### Exercise description
Within the entries below, find the lines that hold "fixedpts" and report only how many there are.

### Record set
(* Let $M$ be a finite $\mathbb{Z}[D]$-module. Then \[\frac{|M|\,|M^D|^2}{|M^R|\,|M^\Sigma|^2}=\frac{\hat h^0(D,M)}{\hat h^{-1}(D,M)},\] and consequently \[\mathcal C_\Theta(M)=\left(\frac{\hat h^{-1}(D,M)}{\hat h^0(D,M)}\right)^2=\frac{\hat h^{-1}(\Theta,M)}{\hat h^0(\Theta,M)}.\] If moreover $M\cong M^\vee$ as $\mathbb{Z}[D]$-modules, then $\frac{|M|\,|M^D|^2}{|M^R|\,|M^\Sigma|^2}=\mathcal C_\Theta(M)=1$.
   Context: Let $q>1$ be an odd integer, $D=\langle\rho,\sigma:\rho^q=\sigma^2=1,\ \sigma\rho\sigma^{-1}=\rho^{-1}\rangle$ the dihedral group of order $2q$, $R=\langle\rho\rangle$, $\Sigma=\langle\sigma\rangle$, and $\Theta=1+2D-R-2\Sigma$, i.e. the $D$-Brauer relation $\sum_H n_HH$ with $n_{\{1\}}=1$, $n_D=2$, $n_R=-1$, $n_\Sigma=-2$ and $n_H=0$ for all other subgroups. For a finitely generated $\mathbb{Z}[D]$-module $M$, write $M_{\mathrm{tors}}$ for its $\mathbb{Z}$-torsion subgroup and $M_{\mathrm{tf}}=M/M_{\mathrm{tors}}$; the regulator constant is $\mathcal C_\Theta(M)=\prod_{H\le D}\bigl(|M_{\mathrm{tors}}^H|^{-2}\det(\tfrac{1}{|H|}\langle\cdot,\cdot\rangle|_{(M^H)_{\mathrm{tf}}})\bigr)^{n_H}$, where $\langle\cdot,\cdot\rangle:M\times M\to\mathscr L$ is any $D$-invariant $\mathbb{Z}$-bilinear pairing into a field $\mathscr L\supseteq\mathbb{Q}$ non-degenerate on $M_{\mathrm{tf}}$ and the determinant is taken on a $\mathbb{Z}$-basis of $(M^H)_{\mathrm{tf}}$ (independent of the pairing; for finite $M$ it equals $\prod_H|M^H|^{-2n_H}$). For $i\in\mathbb{Z}$ and $H\le D$, $\hat H^i(H,M)$ is Tate cohomology, $\hat h^i(H,M)=|\hat H^i(H,M)|$, $\hat h^i(\Theta,M)=\prod_H\hat h^i(H,M)^{n_H}$. For finite $M$, $M^\vee=\mathrm{Hom}(M,\mathbb{Q}/\mathbb{Z})$ with action $(g\psi)(m)=\psi(g^{-1}m)$. *)

theory Defs
  imports Complex_Main
begin

quotient_type qz = rat / "\<lambda>x y. x - y \<in> \<int>"
  morphisms rep_qz abs_qz
proof (rule equivpI)
  show "reflp (\<lambda>x y::rat. x - y \<in> \<int>)" by (simp add: reflp_def)
  show "symp (\<lambda>x y::rat. x - y \<in> \<int>)"
    unfolding symp_def by (metis Ints_minus minus_diff_eq)
  show "transp (\<lambda>x y::rat. x - y \<in> \<int>)"
    unfolding transp_def by (metis Ints_add diff_add_cancel add_diff_eq)
qed

instantiation qz :: ab_group_add
begin
lift_definition zero_qz :: qz is "0::rat" .
lift_definition plus_qz :: "qz \<Rightarrow> qz \<Rightarrow> qz" is "(+)"
  by (metis Ints_add add_diff_add)
lift_definition uminus_qz :: "qz \<Rightarrow> qz" is uminus
  by (metis Ints_minus minus_diff_eq minus_diff_minus)
lift_definition minus_qz :: "qz \<Rightarrow> qz \<Rightarrow> qz" is "(-)"
  by (metis Ints_diff diff_diff_eq2 add_diff_eq diff_add_eq diff_diff_add
      add.commute diff_diff_eq)
instance
  by standard (transfer; simp add: algebra_simps)+
end

text \<open>The element rho^a sigma^b of D is encoded as the pair (a,b), with a < q, b < 2.
  A Z[D]-module structure on a finite abelian group 'm is given by the additive maps
  r (action of rho) and s (action of sigma) satisfying the defining relations of D.\<close>

definition Dgrp :: "nat \<Rightarrow> (nat \<times> nat) set" where
  "Dgrp q = {(a, b). a < q \<and> b < 2}"

definition Rgrp :: "nat \<Rightarrow> (nat \<times> nat) set" where
  "Rgrp q = {(a, b). a < q \<and> b = 0}"

definition Sgrp :: "(nat \<times> nat) set" where
  "Sgrp = {(0, 0), (0, 1)}"

definition Triv :: "(nat \<times> nat) set" where
  "Triv = {(0, 0)}"

definition dact :: "('m \<Rightarrow> 'm) \<Rightarrow> ('m \<Rightarrow> 'm) \<Rightarrow> nat \<times> nat \<Rightarrow> 'm \<Rightarrow> 'm" where
  "dact r s g x = (r ^^ fst g) ((s ^^ snd g) x)"

definition dinv :: "nat \<Rightarrow> nat \<times> nat \<Rightarrow> nat \<times> nat" where
  "dinv q g = (if snd g = 0 then ((q - fst g) mod q, 0) else (fst g, 1))"

definition is_D_module :: "nat \<Rightarrow> ('m::ab_group_add \<Rightarrow> 'm) \<Rightarrow> ('m \<Rightarrow> 'm) \<Rightarrow> bool" where
  "is_D_module q r s \<longleftrightarrow>
     (\<forall>x y. r (x + y) = r x + r y) \<and> (\<forall>x y. s (x + y) = s x + s y) \<and>
     (\<forall>x. (r ^^ q) x = x) \<and> (\<forall>x. s (s x) = x) \<and>
     (\<forall>x. s (r (s x)) = (r ^^ (q - 1)) x)"

definition fixedpts :: "('m \<Rightarrow> 'm) \<Rightarrow> ('m \<Rightarrow> 'm) \<Rightarrow> (nat \<times> nat) set \<Rightarrow> 'm set" where
  "fixedpts r s H = {x. \<forall>g\<in>H. dact r s g x = x}"

definition normmap :: "('m::ab_group_add \<Rightarrow> 'm) \<Rightarrow> ('m \<Rightarrow> 'm) \<Rightarrow> (nat \<times> nat) set \<Rightarrow> 'm \<Rightarrow> 'm" where
  "normmap r s H x = (\<Sum>g\<in>H. dact r s g x)"

inductive_set gen_subgroup :: "'a::ab_group_add set \<Rightarrow> 'a set" for S where
  zero: "0 \<in> gen_subgroup S"
| gen: "x \<in> S \<Longrightarrow> x \<in> gen_subgroup S"
| diff: "x \<in> gen_subgroup S \<Longrightarrow> y \<in> gen_subgroup S \<Longrightarrow> x - y \<in> gen_subgroup S"

definition augment :: "('m::ab_group_add \<Rightarrow> 'm) \<Rightarrow> ('m \<Rightarrow> 'm) \<Rightarrow> (nat \<times> nat) set \<Rightarrow> 'm set" where
  "augment r s H = gen_subgroup {dact r s g x - x | g x. g \<in> H}"

definition quot_card :: "'m::ab_group_add set \<Rightarrow> 'm set \<Rightarrow> nat" where
  "quot_card A B = card ((\<lambda>x. (+) x ` B) ` A)"

text \<open>hat h^0(H,M) = |M^H / N_H M| and hat h^{-1}(H,M) = |ker N_H / I_H M|.\<close>
definition tate0 :: "('m::ab_group_add \<Rightarrow> 'm) \<Rightarrow> ('m \<Rightarrow> 'm) \<Rightarrow> (nat \<times> nat) set \<Rightarrow> nat" where
  "tate0 r s H = quot_card (fixedpts r s H) (range (normmap r s H))"

definition tate_m1 :: "('m::ab_group_add \<Rightarrow> 'm) \<Rightarrow> ('m \<Rightarrow> 'm) \<Rightarrow> (nat \<times> nat) set \<Rightarrow> nat" where
  "tate_m1 r s H = quot_card {x. normmap r s H x = 0} (augment r s H)"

### Answer to this problem
3